(* Let $\mathbf{w_0}=(s_1s_2\cdots s_{n-1})(s_1s_2\cdots s_{n-2})\cdots(s_1s_2)(s_1)$, viewed as a sequence of $n-1$ runs (the $k$-th run being $s_1s_2\cdots s_{n-k}$). Let $\mathbf{w}$ be the positive distinguished subexpression in $\mathbf{w_0}$ for some $w\in S_n$. If, for some $k\ge 2$, $\mathbf{w}$ uses the transposition $s_i$ from the $k$-th run of $\mathbf{w_0}$, then $\mathbf{w}$ also uses the transposition $s_{i+1}$ from the $(k-1)$-st run of $\mathbf{w_0}$.
   Context: $s_i=(i,\,i+1)\in S_n$ are simple transpositions; $\ell(u)$ is the length of $u$ (minimal number of simple transpositions in an expression for $u$); an expression is reduced if it uses $\ell(u)$ transpositions. $v\le w$ in Bruhat order if some reduced expression for $w$ contains a reduced subexpression for $v$. Given a reduced expression $\mathbf{w}=s_{i_1}\cdots s_{i_k}$ for $w$ and $v\le w$, a reduced subexpression $\mathbf{v}=s_{i_{j_1}}\cdots s_{i_{j_m}}$ ($1\le j_1<\dots<j_m\le k$) for $v$ is positive distinguished if, for every $1\le r\le m+1$ and every $p$ with $j_{r-1}\le p<j_r$ (with conventions $j_0=0$, $j_{m+1}=k+1$) such that $\ell(s_{i_p}s_{i_{j_r}}\cdots s_{i_{j_m}})<\ell(s_{i_{j_r}}\cdots s_{i_{j_m}})$, one has $p=j_{r-1}$. For every $v\le w$ and reduced expression of $w$ there is a unique positive distinguished subexpression for $v$ (informally, the leftmost reduced subexpression). *)

theory Defs
  imports "HOL-Combinatorics.Combinatorics"
begin

text \<open>Permutations of {1..n} are functions nat => nat (permuting {1..n});
  products are function composition, u v = u o v.
  A word is a list of indices [i_1,...,i_k] standing for s_{i_1} ... s_{i_k}.\<close>

definition stransp :: "nat \<Rightarrow> nat \<Rightarrow> nat" where
  "stransp i = transpose i (Suc i)"

definition word_eval :: "nat list \<Rightarrow> nat \<Rightarrow> nat" where
  "word_eval ws = foldr (\<lambda>i f. stransp i \<circ> f) ws id"

definition perm_length :: "nat \<Rightarrow> (nat \<Rightarrow> nat) \<Rightarrow> nat" where
  "perm_length n u = (LEAST k. \<exists>ws. length ws = k \<and> set ws \<subseteq> {1..<n} \<and> word_eval ws = u)"

text \<open>Positive distinguished subexpression. The ambient reduced word is ws
  (positions 1..k, ws!(p-1) is i_p); the subexpression is given by the strictly
  increasing list js = [j_1,...,j_m] of positions.\<close>
definition sub_word :: "nat list \<Rightarrow> nat list \<Rightarrow> nat list" where
  "sub_word ws js = map (\<lambda>j. ws ! (j - 1)) js"

definition is_pos_dist_subexpr :: "nat \<Rightarrow> nat list \<Rightarrow> (nat \<Rightarrow> nat) \<Rightarrow> nat list \<Rightarrow> bool" where
  "is_pos_dist_subexpr n ws v js \<longleftrightarrow>
     (let k = length ws; m = length js;
          jj = (\<lambda>r. if r = 0 then 0 else if r = m + 1 then k + 1 else js ! (r - 1));
          suf = (\<lambda>r. word_eval (sub_word ws (drop (r - 1) js)))
      in sorted_wrt (<) js \<and> set js \<subseteq> {1..k}
         \<and> word_eval (sub_word ws js) = v \<and> m = perm_length n v
         \<and> (\<forall>r\<in>{1..m+1}. \<forall>p. jj (r - 1) \<le> p \<and> p < jj r \<and>
              perm_length n (stransp (ws ! (p - 1)) \<circ> suf r) < perm_length n (suf r)
              \<longrightarrow> p = jj (r - 1)))"

definition w0_word :: "nat \<Rightarrow> nat list" where
  "w0_word n = concat (map (\<lambda>k. [1..<n - k + 1]) [1..<n])"

text \<open>1-based position in w0_word n of the letter s_i of the k-th run.\<close>
definition run_pos :: "nat \<Rightarrow> nat \<Rightarrow> nat \<Rightarrow> nat" where
  "run_pos n k i = (\<Sum>l=1..<k. n - l) + i"

end

theory Submission
  imports Defs
begin

(*
  Let r_p be the inverse of the product of the letters of the subexpression at positions
  >= p, viewed as the one-line word r_p(1) ... r_p(n). The suffixes of the subexpression are
  reduced, so a used letter s_j is a left descent of the suffix it starts, and by the
  distinguished condition an unused letter is not a left descent of the remaining suffix.
  In terms of r_p: the letter s_j at position p is used iff r_p(j+1) < r_p(j), and then
  r_(p+1) = r_p o s_j, otherwise r_(p+1) = r_p. So reading w0 from left to right runs bubble
  sort on the one-line word of w^-1, each run being one pass. No later letter touches positions i and i+1 before s_i of
  run k, so there r(i) <= r(i+1) and s_i cannot be used.
*)

section \<open>Coxeter length as the number of inversions\<close>

lemma stransp_permutes: "1 \<le> j \<Longrightarrow> j < n \<Longrightarrow> stransp j permutes {1..n}"
  unfolding stransp_def by (rule permutes_swap_id) auto

lemma stransp_comp_stransp [simp]: "stransp j \<circ> stransp j = id"
  by (simp add: fun_eq_iff stransp_def)

lemma inv_stransp_comp: "bij u \<Longrightarrow> inv (stransp j \<circ> u) = inv u \<circ> stransp j"
  by (simp add: o_inv_distrib stransp_def)

lemma stransp_less_stransp_iff:
  assumes "{x, y} \<noteq> {j, Suc j}"
  shows "stransp j x < stransp j y \<longleftrightarrow> x < y"
  using assms unfolding stransp_def transpose_def by auto

lemma word_eval_Nil [simp]: "word_eval [] = id"
  by (simp add: word_eval_def)

lemma word_eval_Cons [simp]: "word_eval (j # ws) = stransp j \<circ> word_eval ws"
  by (simp add: word_eval_def)

lemma word_eval_append: "word_eval (xs @ ys) = word_eval xs \<circ> word_eval ys"
  by (induction xs) (auto simp: o_assoc)

lemma word_eval_permutes: "set ws \<subseteq> {1..<n} \<Longrightarrow> word_eval ws permutes {1..n}"
proof (induction ws)
  case (Cons j ws)
  then have "word_eval ws permutes {1..n}" "1 \<le> j" "j < n"
    by auto
  then show ?case
    unfolding word_eval_Cons by (blast intro: permutes_compose stransp_permutes)
qed (simp add: permutes_id)

definition inversions :: "nat \<Rightarrow> (nat \<Rightarrow> nat) \<Rightarrow> (nat \<times> nat) set" where
  "inversions n u = {(a, b). a \<in> {1..n} \<and> b \<in> {1..n} \<and> a < b \<and> u b < u a}"

lemma finite_inversions [simp]: "finite (inversions n u)"
  by (rule finite_subset[of _ "{1..n} \<times> {1..n}"]) (auto simp: inversions_def)

lemma inversions_id [simp]: "inversions n id = {}"
  by (auto simp: inversions_def)

lemma inversions_stransp_descent:
  assumes u: "u permutes {1..n}" and j: "1 \<le> j" "j < n" and d: "inv u (Suc j) < inv u j"
  shows "inversions n u = insert (inv u (Suc j), inv u j) (inversions n (stransp j \<circ> u))"
    and "(inv u (Suc j), inv u j) \<notin> inversions n (stransp j \<circ> u)"
proof -
  define a0 b0 where "a0 = inv u j" and "b0 = inv u (Suc j)"
  have u_inv: "u a0 = j" "u b0 = Suc j"
    using permutes_inverses(1)[OF u] by (auto simp: a0_def b0_def)
  have in_range: "a0 \<in> {1..n}" "b0 \<in> {1..n}"
    using permutes_in_image[OF permutes_inv[OF u]] j by (auto simp: a0_def b0_def)
  have "stransp j (u b) < stransp j (u a) \<longleftrightarrow> u b < u a"
    if "a < b" "(a, b) \<noteq> (b0, a0)" for a b
  proof (rule stransp_less_stransp_iff)
    show "{u b, u a} \<noteq> {j, Suc j}"
    proof
      assume "{u b, u a} = {j, Suc j}"
      then have "u b = j \<and> u a = Suc j \<or> u b = Suc j \<and> u a = j"
        by (auto simp: doubleton_eq_iff)
      then show False
        using that d permutes_inverses(2)[OF u, of a] permutes_inverses(2)[OF u, of b]
        by (auto simp: a0_def b0_def)
    qed
  qed
  then have same: "x \<in> inversions n u \<longleftrightarrow> x \<in> inversions n (stransp j \<circ> u)"
    if "x \<noteq> (b0, a0)" for x
    using that by (cases x) (auto simp: inversions_def)
  have old: "(b0, a0) \<in> inversions n u"
    using u_inv in_range d by (simp add: inversions_def a0_def b0_def)
  have new: "(b0, a0) \<notin> inversions n (stransp j \<circ> u)"
    using u_inv by (simp add: inversions_def stransp_def)
  have "inversions n u = insert (b0, a0) (inversions n (stransp j \<circ> u))"
  proof (rule set_eqI)
    show "x \<in> inversions n u \<longleftrightarrow> x \<in> insert (b0, a0) (inversions n (stransp j \<circ> u))" for x
      using same[of x] old by (cases "x = (b0, a0)") simp_all
  qed
  with new show "inversions n u = insert (inv u (Suc j), inv u j) (inversions n (stransp j \<circ> u))"
    and "(inv u (Suc j), inv u j) \<notin> inversions n (stransp j \<circ> u)"
    by (simp_all add: a0_def b0_def)
qed

lemma card_inversions_stransp_descent:
  assumes "u permutes {1..n}" "1 \<le> j" "j < n" "inv u (Suc j) < inv u j"
  shows "card (inversions n u) = Suc (card (inversions n (stransp j \<circ> u)))"
  using inversions_stransp_descent[OF assms] by simp

lemma card_inversions_stransp_ascent:
  assumes u: "u permutes {1..n}" and j: "1 \<le> j" "j < n" and a: "\<not> inv u (Suc j) < inv u j"
  shows "card (inversions n (stransp j \<circ> u)) = Suc (card (inversions n u))"
proof -
  have su: "stransp j \<circ> u permutes {1..n}"
    using permutes_compose[OF u stransp_permutes[OF j]] .
  have "inv u (Suc j) \<noteq> inv u j"
    using permutes_inj[OF permutes_inv[OF u]] by (auto dest: injD)
  moreover have "inv (stransp j \<circ> u) = inv u \<circ> stransp j"
    using inv_stransp_comp[OF permutes_bij[OF u]] .
  ultimately have "inv (stransp j \<circ> u) (Suc j) < inv (stransp j \<circ> u) j"
    using a by (simp add: stransp_def)
  from card_inversions_stransp_descent[OF su j this] show ?thesis
    by (simp add: o_assoc)
qed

┄┄┄┄┄┄┄┄┄┄┄┄┄┄┄┄┄┄┄┄

Exercise requirements:
Starting at the first line of the data above, please restate word for word every line up to and including the one that holds "text \<open>Permutations of", and add nothing else.

Result below:
(* Let $\mathbf{w_0}=(s_1s_2\cdots s_{n-1})(s_1s_2\cdots s_{n-2})\cdots(s_1s_2)(s_1)$, viewed as a sequence of $n-1$ runs (the $k$-th run being $s_1s_2\cdots s_{n-k}$). Let $\mathbf{w}$ be the positive distinguished subexpression in $\mathbf{w_0}$ for some $w\in S_n$. If, for some $k\ge 2$, $\mathbf{w}$ uses the transposition $s_i$ from the $k$-th run of $\mathbf{w_0}$, then $\mathbf{w}$ also uses the transposition $s_{i+1}$ from the $(k-1)$-st run of $\mathbf{w_0}$.
   Context: $s_i=(i,\,i+1)\in S_n$ are simple transpositions; $\ell(u)$ is the length of $u$ (minimal number of simple transpositions in an expression for $u$); an expression is reduced if it uses $\ell(u)$ transpositions. $v\le w$ in Bruhat order if some reduced expression for $w$ contains a reduced subexpression for $v$. Given a reduced expression $\mathbf{w}=s_{i_1}\cdots s_{i_k}$ for $w$ and $v\le w$, a reduced subexpression $\mathbf{v}=s_{i_{j_1}}\cdots s_{i_{j_m}}$ ($1\le j_1<\dots<j_m\le k$) for $v$ is positive distinguished if, for every $1\le r\le m+1$ and every $p$ with $j_{r-1}\le p<j_r$ (with conventions $j_0=0$, $j_{m+1}=k+1$) such that $\ell(s_{i_p}s_{i_{j_r}}\cdots s_{i_{j_m}})<\ell(s_{i_{j_r}}\cdots s_{i_{j_m}})$, one has $p=j_{r-1}$. For every $v\le w$ and reduced expression of $w$ there is a unique positive distinguished subexpression for $v$ (informally, the leftmost reduced subexpression). *)

theory Defs
  imports "HOL-Combinatorics.Combinatorics"
begin

text \<open>Permutations of {1..n} are functions nat => nat (permuting {1..n});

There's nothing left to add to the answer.